Source data

(* If $n$ is a non-negative integer, then $$\sum_{k = 1}^n \sum_{j = 0}^{k - 1} \frac{2^{2j}}{k - j} \binom{2(n - j)}{n - j} = 2^{2n + 1} + \left(H_n - 2\right)(2n + 1)\binom{2n}{n}$$ and $$\sum_{k = 1}^n \sum_{j = 0}^{k - 1} \frac{2^{2j}}{2k - 2j - 1} \binom{2(n - j)}{n - j} = \left(O_{n + 1} - 1 \right)(2n + 1)\binom{2n}{n}.$$
   Context: $H_n=\sum_{m=1}^n\frac1m$ and $O_n=\sum_{m=1}^n\frac1{2m-1}$. Empty sums are zero. *)

theory Defs
  imports Complex_Main
begin

definition H :: "nat \<Rightarrow> real" where
  "H n = (\<Sum>m=1..n. 1 / real m)"

definition Odd_harm :: "nat \<Rightarrow> real" where
  "Odd_harm n = (\<Sum>m=1..n. 1 / (2 * real m - 1))"

end

theory Submission
  imports Defs
begin

text \<open>Exchanging the order of summation turns each double sum into a convolution
  \<open>S n = (\<Sum>j<n. 4^j * b (n - j))\<close> with \<open>b m\<close> equal to \<open>H m\<close> (resp. \<open>O m\<close>) times the
  central binomial coefficient \<open>binom(2m, m)\<close>. Such a sum is determined by \<open>S 0 = 0\<close> and
  \<open>S (n + 1) = b (n + 1) + 4 * S n\<close>, and the two closed forms satisfy this recurrence because
  \<open>(n + 1) binom(2n + 2, n + 1) = 2 (2n + 1) binom(2n, n)\<close>.\<close>

lemma sum_triangle_convolution:
  fixes a w c :: "nat \<Rightarrow> 'a::comm_semiring_1"
  shows "(\<Sum>k=1..n. \<Sum>j=0..k-1. a j * w (k - j) * c (n - j))
       = (\<Sum>j<n. a j * ((\<Sum>m=1..n-j. w m) * c (n - j)))"
proof -
  have "(\<Sum>k=1..n. \<Sum>j=0..k-1. a j * w (k - j) * c (n - j))
      = (\<Sum>k=1..n. \<Sum>j=0..<k. a j * w (k - j) * c (n - j))"
    by (intro sum.cong refl) (auto simp: atLeastLessThanSuc_atLeastAtMost[symmetric])
  also have "\<dots> = (\<Sum>k=0..n. \<Sum>j=0..<k. a j * w (k - j) * c (n - j))"
    by (simp add: sum.atLeast_Suc_atMost)
  also have "\<dots> = (\<Sum>j=0..<n. \<Sum>k=Suc j..n. a j * w (k - j) * c (n - j))"
    by (rule sum.nested_swap)
  also have "\<dots> = (\<Sum>j<n. a j * ((\<Sum>m=1..n-j. w m) * c (n - j)))"
  proof (rule sum.cong)
    fix j assume "j \<in> {..<n}"
    then have shift: "(\<Sum>m=1..n-j. w m) = (\<Sum>k=Suc j..n. w (k - j))"
      using sum.shift_bounds_cl_nat_ivl[of "\<lambda>k. w (k - j)" 1 j "n - j"] by simp
    show "(\<Sum>k=Suc j..n. a j * w (k - j) * c (n - j)) = a j * ((\<Sum>m=1..n-j. w m) * c (n - j))"
      unfolding shift by (simp add: sum_distrib_left sum_distrib_right mult.assoc)
  qed (simp add: atLeast0LessThan)
  finally show ?thesis .
qed

lemma sum_power_convolution_eq_recurrence:
  fixes q :: "'a::comm_semiring_1"
  assumes "F 0 = 0" and "\<And>n. F (Suc n) = b (Suc n) + q * F n"
  shows "(\<Sum>j<n. q ^ j * b (n - j)) = F n"
proof (induction n)
  case (Suc n)
  have "(\<Sum>j<Suc n. q ^ j * b (Suc n - j)) = b (Suc n) + q * (\<Sum>j<n. q ^ j * b (n - j))"
    unfolding sum.lessThan_Suc_shift by (simp add: sum_distrib_left mult.assoc)
  then show ?case
    using Suc.IH assms(2) by simp
qed (simp add: assms(1))

lemma Suc_times_central_binomial:
  "Suc n * ((2 * Suc n) choose Suc n) = 2 * (2 * n + 1) * ((2 * n) choose n)"
proof -
  have "Suc n * ((2 * Suc n) choose Suc n) = Suc (Suc (2 * n)) * (Suc (2 * n) choose n)"
    using Suc_times_binomial[of n "Suc (2 * n)"] by simp
  also have "Suc (2 * n) choose n = Suc (2 * n) choose Suc n"
    by (subst binomial_symmetric) auto
  also have "Suc (Suc (2 * n)) * (Suc (2 * n) choose Suc n) = 2 * (Suc n * (Suc (2 * n) choose Suc n))"
    by simp
  also have "Suc n * (Suc (2 * n) choose Suc n) = Suc (2 * n) * ((2 * n) choose n)"
    by (rule Suc_times_binomial)
  finally show ?thesis by simp
qed

lemma of_nat_central_binomial_Suc:
  "4 * (2 * real n + 1) * real ((2 * n) choose n) = 2 * (real n + 1) * real ((2 * Suc n) choose Suc n)"
proof -
  have "(real n + 1) * real ((2 * Suc n) choose Suc n) = 2 * (2 * real n + 1) * real ((2 * n) choose n)"
    using arg_cong[OF Suc_times_central_binomial[of n], of real]
    by (simp only: of_nat_mult of_nat_Suc of_nat_add of_nat_numeral of_nat_1) (simp add: algebra_simps)
  then show ?thesis
    by algebra
qed

lemma H_Suc: "H (Suc n) = H n + 1 / real (Suc n)"
  by (simp add: H_def)

lemma Odd_harm_Suc: "Odd_harm (Suc n) = Odd_harm n + 1 / (2 * real n + 1)"
  by (simp add: Odd_harm_def)

lemma sum_power4_H_central_binomial:
  "(\<Sum>j<n. 4 ^ j * (H (n - j) * real ((2 * (n - j)) choose (n - j))))
     = 2 ^ (2 * n + 1) + (H n - 2) * (2 * real n + 1) * real ((2 * n) choose n)"
proof (rule sum_power_convolution_eq_recurrence
    [where F = "\<lambda>n. 2 ^ (2 * n + 1) + (H n - 2) * (2 * real n + 1) * real ((2 * n) choose n)"])
  fix n
  let ?C = "real ((2 * n) choose n)" and ?C' = "real ((2 * Suc n) choose Suc n)"
  have "H (Suc n) * ?C' + 4 * (2 ^ (2 * n + 1) + (H n - 2) * (2 * real n + 1) * ?C)
      = H (Suc n) * ?C' + 2 ^ (2 * Suc n + 1) + (H n - 2) * (4 * (2 * real n + 1) * ?C)"
    by (simp add: algebra_simps)
  also have "\<dots> = H (Suc n) * ?C' + 2 ^ (2 * Suc n + 1) + (H n - 2) * (2 * (real n + 1) * ?C')"
    by (simp only: of_nat_central_binomial_Suc)
  also have "\<dots> = 2 ^ (2 * Suc n + 1) + (H (Suc n) - 2) * (2 * real (Suc n) + 1) * ?C'"
    unfolding H_Suc by (simp add: field_simps)
  finally show "2 ^ (2 * Suc n + 1) + (H (Suc n) - 2) * (2 * real (Suc n) + 1) * ?C'
      = H (Suc n) * ?C' + 4 * (2 ^ (2 * n + 1) + (H n - 2) * (2 * real n + 1) * ?C)" ..
qed (simp add: H_def)

lemma sum_power4_Odd_harm_central_binomial:
  "(\<Sum>j<n. 4 ^ j * (Odd_harm (n - j) * real ((2 * (n - j)) choose (n - j))))
     = (Odd_harm (n + 1) - 1) * (2 * real n + 1) * real ((2 * n) choose n)"
proof (rule sum_power_convolution_eq_recurrence
    [where F = "\<lambda>n. (Odd_harm (n + 1) - 1) * (2 * real n + 1) * real ((2 * n) choose n)"])
  fix n
  let ?C = "real ((2 * n) choose n)" and ?C' = "real ((2 * Suc n) choose Suc n)"
  have "Odd_harm (Suc n) * ?C' + 4 * ((Odd_harm (n + 1) - 1) * (2 * real n + 1) * ?C)
      = Odd_harm (Suc n) * ?C' + (Odd_harm (Suc n) - 1) * (4 * (2 * real n + 1) * ?C)"
    by (simp add: algebra_simps)
  also have "\<dots> = Odd_harm (Suc n) * ?C' + (Odd_harm (Suc n) - 1) * (2 * (real n + 1) * ?C')"
    by (simp only: of_nat_central_binomial_Suc)
  also have "\<dots> = (Odd_harm (Suc n + 1) - 1) * (2 * real (Suc n) + 1) * ?C'"
    unfolding Suc_eq_plus1[symmetric] Odd_harm_Suc[of "Suc n"] by (simp add: field_simps)
  finally show "(Odd_harm (Suc n + 1) - 1) * (2 * real (Suc n) + 1) * ?C'
      = Odd_harm (Suc n) * ?C' + 4 * ((Odd_harm (n + 1) - 1) * (2 * real n + 1) * ?C)" ..
qed (simp add: Odd_harm_def)

theorem proposition19:
  fixes n :: nat
  shows "((\<Sum>k=1..n. \<Sum>j=0..k-1. 2 ^ (2*j) / real (k - j) * real ((2*(n-j)) choose (n-j)))
           = 2 ^ (2*n+1) + (H n - 2) * (2 * real n + 1) * real ((2*n) choose n)) \<and>
         ((\<Sum>k=1..n. \<Sum>j=0..k-1. 2 ^ (2*j) / (2 * real k - 2 * real j - 1) * real ((2*(n-j)) choose (n-j)))
           = (Odd_harm (n+1) - 1) * (2 * real n + 1) * real ((2*n) choose n))"
proof
  let ?C = "\<lambda>m. real ((2 * m) choose m)"
  have "(\<Sum>k=1..n. \<Sum>j=0..k-1. 2 ^ (2*j) / real (k - j) * ?C (n - j))
      = (\<Sum>k=1..n. \<Sum>j=0..k-1. 4 ^ j * (1 / real (k - j)) * ?C (n - j))"
    by (simp add: power_mult)
  also have "\<dots> = (\<Sum>j<n. 4 ^ j * (H (n - j) * ?C (n - j)))"
    unfolding H_def by (rule sum_triangle_convolution)
  finally show "(\<Sum>k=1..n. \<Sum>j=0..k-1. 2 ^ (2*j) / real (k - j) * ?C (n - j))
      = 2 ^ (2*n+1) + (H n - 2) * (2 * real n + 1) * ?C n"
    unfolding sum_power4_H_central_binomial .
next
  let ?C = "\<lambda>m. real ((2 * m) choose m)"
  have "(\<Sum>k=1..n. \<Sum>j=0..k-1. 2 ^ (2*j) / (2 * real k - 2 * real j - 1) * ?C (n - j))
      = (\<Sum>k=1..n. \<Sum>j=0..k-1. 4 ^ j * (1 / (2 * real (k - j) - 1)) * ?C (n - j))"
    by (intro sum.cong refl) (auto simp: of_nat_diff power_mult)
  also have "\<dots> = (\<Sum>j<n. 4 ^ j * (Odd_harm (n - j) * ?C (n - j)))"
    unfolding Odd_harm_def by (rule sum_triangle_convolution)
  finally show "(\<Sum>k=1..n. \<Sum>j=0..k-1. 2 ^ (2*j) / (2 * real k - 2 * real j - 1) * ?C (n - j))
      = (Odd_harm (n+1) - 1) * (2 * real n + 1) * ?C n"
    unfolding sum_power4_Odd_harm_central_binomial .
qed

end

Task to carry out → Retype exactly the lines above, from the one with "fix j assume" through the one with "j)) = a j * ((\<Sum>m=1..n-j.", inclusive.

Your solution →
    fix j assume "j \<in> {..<n}"
    then have shift: "(\<Sum>m=1..n-j. w m) = (\<Sum>k=Suc j..n. w (k - j))"
      using sum.shift_bounds_cl_nat_ivl[of "\<lambda>k. w (k - j)" 1 j "n - j"] by simp
    show "(\<Sum>k=Suc j..n. a j * w (k - j) * c (n - j)) = a j * ((\<Sum>m=1..n-j. w m) * c (n - j))"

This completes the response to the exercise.